Though derided as a “gimmick” or “slush fund,” the $8 billion added to the overseas war funding account last year allowed a polarized Congress and the Obama administration to reach a larger budget deal. But the administration’s fiscal 2017 budget request, expected at $524.2 billion, is apt to start $22 billion “in the hole” due to continued caps from the 2011 Budget Control Act, Blakeley said. She also projected a $104 billion cumulative delta in the five-year plan ending in 2021.

“The Pentagon is still happy to have more money,” and the challenge of finding the $22 billion is “not as bad as it seems,” Blakeley said, noting that preliminary reports put the underfunding at $17 billion, a difference she expects to be clarified.

Defense planners should be able to cut more from operations and maintenance, procurement and research and development, she said. She labeled the troubled new F-35A joint strike fighter “a problem child” that could be the “chief bill-payer” for an Air Force that would prefer to protect older programs, such as the Long-Range Strike Bomber and the A-10 Thunderbolt ground support aircraft.

“There’s less wiggle room for personnel cuts,” Blakely said, predicting cuts of perhaps $1 billion or $1.5 billion through continuing efforts to trim headquarters staff. “But that’s a hell of a lot easier to promise than deliver, since many civilian employees are scatted around the country,” she said.

An expected reprise of the Pentagon’s proposal for a new round of the Base Realignment and Closure Commission “will be a tough sell,” she said.

Military healthcare “will be an area of focus” in the budget and in Congress, as will personnel reforms to reflect improved career management in the ongoing “Force of the Future” reforms to improve career retention incentives and expand opportunities for women. Past proposals to curb spending on Tricare and Tricare for Life have foundered, Blakely noted, due to their complexity. “Congress should, but probably does not have the stomach for it,” she said.

“Last year was a high-water mark in congressional interest in defense reforms,” as in acquisition reform and reorganizing the Office of the Defense Secretary, she said. Armed Services Committee Chairman John McCain, R-Ariz., “wants to devolve more procurement to the services,” but the House is more focused on making the process “nimble,” she said.

She predicted that the defense budget will become “more salient in the elections” this year, spilling over into reelection contests for Congress, where many members are reluctant to cancel weapons programs that benefit their districts.

The upshot of Obama’s last defense budget, Blakeley said, “won’t be a big departure—we’ll see mid-term slicing and dicing but not a strategic shift.” Pentagon leaders may postpone modernization and hope for more money in the out-years, she said.

The Next Administration’s Problem

Those out-years, under a new president, was the topic of a Monday panel of “four hawks” advocating for higher defense spending for an audience at the Brookings Institution.

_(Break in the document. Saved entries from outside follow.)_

lemma tanh_weight_expand:
  assumes "finite Q"
  shows "tanh_weight t Q x = (\<Sum>H\<in>Pow Q. t ^ card H * edge_monomial H x)"
proof -
  have "tanh_weight t Q x = (\<Prod>e\<in>Q. t * spin_prod e x + 1)"
    unfolding tanh_weight_def by (simp add: add.commute)
  also have "\<dots> = (\<Sum>H\<in>Pow Q. (\<Prod>e\<in>H. t * spin_prod e x) * (\<Prod>e\<in>Q - H. 1))"
    by (rule prod_add[OF assms])
  also have "\<dots> = (\<Sum>H\<in>Pow Q. t ^ card H * edge_monomial H x)"
    by (rule sum.cong) (auto simp: prod.distrib edge_monomial_def)
  finally show ?thesis .
qed

lemma tanh_weight_pair_complements:
  assumes "finite Q" and "\<forall>e\<in>Q. e \<subseteq> V" and "x \<in> configs V" and "edge_monomial Q x = y"
    and "y ^ 2 = 1" and "\<sigma> ^ 2 = 1"
  shows "(1 + \<sigma> * y) * tanh_weight t Q x =
    (\<Sum>H\<in>Pow Q. (t ^ card H + \<sigma> * t ^ (card Q - card H)) / 2 * ((1 + \<sigma> * y) * edge_monomial H x))"
proof -
  define L where "L = (\<Sum>H\<in>Pow Q. t ^ card H * ((1 + \<sigma> * y) * edge_monomial H x))"
  have L: "(1 + \<sigma> * y) * tanh_weight t Q x = L"
    unfolding L_def tanh_weight_expand[OF assms(1)] sum_distrib_left by (rule sum.cong) auto
  have bij: "bij_betw (\<lambda>H. Q - H) (Pow Q) (Pow Q)"
    by (rule bij_betw_byWitness[where f' = "\<lambda>H. Q - H"]) auto
  have "L = (\<Sum>H\<in>Pow Q. t ^ card (Q - H) * ((1 + \<sigma> * y) * edge_monomial (Q - H) x))"
    unfolding L_def by (rule sum.reindex_bij_betw[OF bij, symmetric])
  also have "\<dots> = (\<Sum>H\<in>Pow Q. \<sigma> * t ^ (card Q - card H) * ((1 + \<sigma> * y) * edge_monomial H x))"
  proof (rule sum.cong[OF refl])
    fix H assume H: "H \<in> Pow Q"
    then have "finite H" using assms(1) finite_subset by auto
    have "y = edge_monomial (Q - H) x * edge_monomial H x"
      unfolding edge_monomial_def assms(4)[symmetric] using H assms(1) by (simp add: prod.subset_diff)
    moreover have "edge_monomial H x ^ 2 = 1"
      using H assms(2,3) by (intro edge_monomial_square) auto
    ultimately have "edge_monomial (Q - H) x = y * edge_monomial H x"
      by (metis mult.assoc mult.right_neutral power2_eq_square)
    moreover have "(1 + \<sigma> * y) * y = \<sigma> * (1 + \<sigma> * y)"
      using assms(5,6) by (simp add: algebra_simps power2_eq_square)
    ultimately show "t ^ card (Q - H) * ((1 + \<sigma> * y) * edge_monomial (Q - H) x) =
        \<sigma> * t ^ (card Q - card H) * ((1 + \<sigma> * y) * edge_monomial H x)"
      using H \<open>finite H\<close> by (simp add: card_Diff_subset mult.assoc[symmetric])
  qed
  finally have L_swap: "L = \<dots>" .
  have "L + L = (\<Sum>H\<in>Pow Q. (t ^ card H + \<sigma> * t ^ (card Q - card H)) * ((1 + \<sigma> * y) * edge_monomial H x))"
    by (subst (2) L_swap) (simp add: L_def sum.distrib[symmetric] algebra_simps)
  then show ?thesis
    using L by (simp add: sum_divide_distrib[symmetric] field_simps)
qed

definition corr_sum :: "'a set \<Rightarrow> 'a \<Rightarrow> 'a \<Rightarrow> real \<Rightarrow> (('a \<Rightarrow> real) \<Rightarrow> real) \<Rightarrow> real" where
  "corr_sum V a b \<sigma> f = (\<Sum>x\<in>configs V. (1 + \<sigma> * (x a * x b)) * f x)"

lemma corr_sum_mult_tanh_weight:
  assumes "a \<in> V" "b \<in> V" and "finite Q" and "\<forall>e\<in>Q. e \<subseteq> V"
    and "\<forall>x\<in>configs V. edge_monomial Q x = x a * x b" and "\<sigma> ^ 2 = 1"
  shows "corr_sum V a b \<sigma> (\<lambda>x. F x * tanh_weight t Q x) =
    (\<Sum>H\<in>Pow Q. (t ^ card H + \<sigma> * t ^ (card Q - card H)) / 2 *
       corr_sum V a b \<sigma> (\<lambda>x. F x * edge_monomial H x))"
proof -
  have "(1 + \<sigma> * (x a * x b)) * (F x * tanh_weight t Q x) =
    (\<Sum>H\<in>Pow Q. (t ^ card H + \<sigma> * t ^ (card Q - card H)) / 2 *
       ((1 + \<sigma> * (x a * x b)) * (F x * edge_monomial H x)))"
    if x: "x \<in> configs V" for x
  proof -
    have "(x a * x b) ^ 2 = 1"
      using configs_square[OF x assms(1)] configs_square[OF x assms(2)] by (simp add: power_mult_distrib)
    have "(1 + \<sigma> * (x a * x b)) * (F x * tanh_weight t Q x) =
      F x * ((1 + \<sigma> * (x a * x b)) * tanh_weight t Q x)"
      by (simp add: mult_ac)
    also have "\<dots> = F x * (\<Sum>H\<in>Pow Q. (t ^ card H + \<sigma> * t ^ (card Q - card H)) / 2 *
         ((1 + \<sigma> * (x a * x b)) * edge_monomial H x))"
      using assms x \<open>(x a * x b) ^ 2 = 1\<close> by (subst tanh_weight_pair_complements) auto
    also have "\<dots> = (\<Sum>H\<in>Pow Q. (t ^ card H + \<sigma> * t ^ (card Q - card H)) / 2 *
       ((1 + \<sigma> * (x a * x b)) * (F x * edge_monomial H x)))"
      by (simp add: sum_distrib_left mult_ac)
    finally show ?thesis .
  qed
  then show ?thesis
    unfolding corr_sum_def sum_distrib_left by (simp add: sum.swap[of _ "configs V"])
qed

text \<open>Quantifying over all nonnegative polynomial prefactors \<open>K\<close> is what lets the bound be
  proved one path at a time: the edge monomials produced by expanding a path's weight are
  absorbed into \<open>K\<close>.\<close>

definition corr_dominated :: "'a set \<Rightarrow> 'a \<Rightarrow> 'a \<Rightarrow> real \<Rightarrow> (('a \<Rightarrow> real) \<Rightarrow> real) \<Rightarrow> bool" where
  "corr_dominated V a b \<rho> G \<longleftrightarrow> (\<forall>K. nonneg_poly V K \<longrightarrow>
     \<rho> * \<bar>corr_sum V a b (-1) (\<lambda>x. K x * G x)\<bar> \<le> corr_sum V a b 1 (\<lambda>x. K x * G x))"

lemma corr_dominated_one:
  assumes "finite V" "a \<in> V" "b \<in> V"
  shows "corr_dominated V a b 1 (\<lambda>x. 1)"
  unfolding corr_dominated_def
proof (intro allI impI)
  fix K assume K: "nonneg_poly V K"
  have "0 \<le> (\<Sum>x\<in>configs V. K x)"
    using assms(1) K by (rule sum_configs_nonneg_poly)
  moreover have "0 \<le> (\<Sum>x\<in>configs V. x a * x b * K x)"
    using assms by (intro sum_configs_nonneg_poly nonneg_poly_mult nonneg_poly_var K)
  ultimately show "1 * \<bar>corr_sum V a b (-1) (\<lambda>x. K x * 1)\<bar> \<le> corr_sum V a b 1 (\<lambda>x. K x * 1)"
    unfolding corr_sum_def by (simp add: algebra_simps sum.distrib sum_subtractf)
qed

lemma corr_dominated_mult_tanh_weight:
  assumes "finite V" "a \<in> V" "b \<in> V" and "0 \<le> t" "0 \<le> r" "0 \<le> \<rho>"
    and "finite Q" "\<forall>e\<in>Q. e \<subseteq> V" and "\<forall>x\<in>configs V. edge_monomial Q x = x a * x b"
    and coeff: "\<forall>h\<le>card Q. r * \<bar>t ^ h - t ^ (card Q - h)\<bar> \<le> t ^ h + t ^ (card Q - h)"
    and G: "corr_dominated V a b \<rho> G"
  shows "corr_dominated V a b (r * \<rho>) (\<lambda>x. G x * tanh_weight t Q x)"
  unfolding corr_dominated_def
proof (intro allI impI)
  fix K assume K: "nonneg_poly V K"
  define c where "c \<sigma> H = (t ^ card H + \<sigma> * t ^ (card Q - card H)) / 2" for \<sigma> :: real and H :: "'a set set"
  define S where "S \<sigma> H = corr_sum V a b \<sigma> (\<lambda>x. (K x * edge_monomial H x) * G x)" for \<sigma> H
  have split: "corr_sum V a b \<sigma> (\<lambda>x. K x * (G x * tanh_weight t Q x)) = (\<Sum>H\<in>Pow Q. c \<sigma> H * S \<sigma> H)"
    if "\<sigma> ^ 2 = 1" for \<sigma>
    using corr_sum_mult_tanh_weight[OF assms(2,3,7,8,9) that, of "\<lambda>x. K x * G x" t]
    unfolding c_def S_def by (simp add: mult_ac)
  have S: "\<rho> * \<bar>S (-1) H\<bar> \<le> S 1 H" if "H \<in> Pow Q" for H
  proof -
    have "nonneg_poly V (\<lambda>x. K x * edge_monomial H x)"
      using that assms(1,7,8) K
      by (intro nonneg_poly_mult nonneg_poly_edge_monomial) (auto dest: finite_subset)
    then show ?thesis using G unfolding corr_dominated_def S_def by blast
  qed
  have c: "r * \<bar>c (-1) H\<bar> \<le> c 1 H" if "H \<in> Pow Q" for H
  proof -
    have "card H \<le> card Q" using that assms(7) by (simp add: card_mono)
    then show ?thesis using coeff unfolding c_def by simp
  qed
  have "r * \<rho> * \<bar>\<Sum>H\<in>Pow Q. c (-1) H * S (-1) H\<bar> \<le> r * \<rho> * (\<Sum>H\<in>Pow Q. \<bar>c (-1) H * S (-1) H\<bar>)"
    using assms(5,6) by (intro mult_left_mono sum_abs) auto
  also have "\<dots> = (\<Sum>H\<in>Pow Q. (r * \<bar>c (-1) H\<bar>) * (\<rho> * \<bar>S (-1) H\<bar>))"
    by (simp add: sum_distrib_left abs_mult mult_ac)
  also have "\<dots> \<le> (\<Sum>H\<in>Pow Q. c 1 H * S 1 H)"
    using S c assms(4,6) by (intro sum_mono mult_mono) (auto simp: c_def)
  finally show "r * \<rho> * \<bar>corr_sum V a b (-1) (\<lambda>x. K x * (G x * tanh_weight t Q x))\<bar>
      \<le> corr_sum V a b 1 (\<lambda>x. K x * (G x * tanh_weight t Q x))"
    using split[of 1] split[of "-1"] by simp
qed

lemma corr_dominated_prod_tanh_weight:
  assumes "finite V" "a \<in> V" "b \<in> V" and "0 \<le> t" "0 \<le> r"
    and "\<forall>i<m. finite (Q i) \<and> (\<forall>e\<in>Q i. e \<subseteq> V) \<and>
           (\<forall>x\<in>configs V. edge_monomial (Q i) x = x a * x b) \<and>
           (\<forall>h\<le>card (Q i). r * \<bar>t ^ h - t ^ (card (Q i) - h)\<bar> \<le> t ^ h + t ^ (card (Q i) - h))"
  shows "corr_dominated V a b (r ^ m) (\<lambda>x. \<Prod>i<m. tanh_weight t (Q i) x)"
  using assms(6)
proof (induction m)
  case 0
  then show ?case using corr_dominated_one[OF assms(1-3)] by simp
next
  case (Suc m)
  have "corr_dominated V a b (r ^ m) (\<lambda>x. \<Prod>i<m. tanh_weight t (Q i) x)"
    using Suc.prems less_SucI by (intro Suc.IH) blast
  moreover have "finite (Q m)" "\<forall>e\<in>Q m. e \<subseteq> V" "\<forall>x\<in>configs V. edge_monomial (Q m) x = x a * x b"
    "\<forall>h\<le>card (Q m). r * \<bar>t ^ h - t ^ (card (Q m) - h)\<bar> \<le> t ^ h + t ^ (card (Q m) - h)"
    using Suc.prems[rule_format, OF lessI] by auto
  ultimately have "corr_dominated V a b (r * r ^ m) (\<lambda>x. (\<Prod>i<m. tanh_weight t (Q i) x) * tanh_weight t (Q m) x)"
    using assms(1-5) by (intro corr_dominated_mult_tanh_weight) auto
  then show ?case by simp
qed

definition path_edges :: "'a list \<Rightarrow> 'a set set" where
  "path_edges p = (\<lambda>j. {p ! j, p ! Suc j}) ` {..< length p - 1}"

lemma path_edges_subset: "is_path E a b p \<Longrightarrow> path_edges p \<subseteq> E"
  unfolding path_edges_def is_path_def by auto

lemma card_path_edges_le: "card (path_edges p) \<le> length p - 1"
  unfolding path_edges_def using card_image_le[of "{..< length p - 1}"] by simp

lemma set_path_subset:
  assumes p: "is_path E a b p" and "\<forall>e\<in>E. e \<subseteq> V" and "a \<in> V"
  shows "set p \<subseteq> V"
proof
  fix v assume "v \<in> set p"
  then obtain j where j: "j < length p" "v = p ! j" by (auto simp: in_set_conv_nth)
  have "v = a \<or> (\<exists>i. Suc i < length p \<and> v \<in> {p ! i, p ! Suc i})"
  proof (cases j)
    case 0
    then show ?thesis using j p unfolding is_path_def by (auto simp: hd_conv_nth)
  next
    case (Suc i)
    then show ?thesis using j by auto
  qed
  then show "v \<in> V" using p assms(2,3) unfolding is_path_def by blast
qed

James Miller, undersecretary of Defense for policy under Obama Defense chiefs Leon Panetta and Chuck Hagel, said, “There’s no doubt the next president will inherit a dynamic and dangerous world.” Threats from Russia, China, North Korea, ISIS and Iran, however, also bring “great opportunities” for building new partnerships with allies, Miller said.

The next Defense chief should take on defense reform “with gusto” Miller said.

American Enterprise Institute analyst Mackenzie Eaglen, a veteran of two major Pentagon defense task forces, said the need to increase the Pentagon’s budget is “agnostic as to political party on the fundamental choices.” The decision facing the next U.S. leader is whether to embark on “a more robust, more assertive” overseas presence “with more ownership of the U.S. role.”

That could be done through replacing the Budget Control Act and sequestration with “some larger debt-taxes deal for the whole enchilada,” Eaglen said.

Brookings fellow Robert Kagan, who gave a capsule history of the U.S. rise as a global power in the last century, also called for an assertive next president to expand the nation’s global presence. “The order created after World War II is at least cracking around the edges if not heading toward a general breakdown,” he said.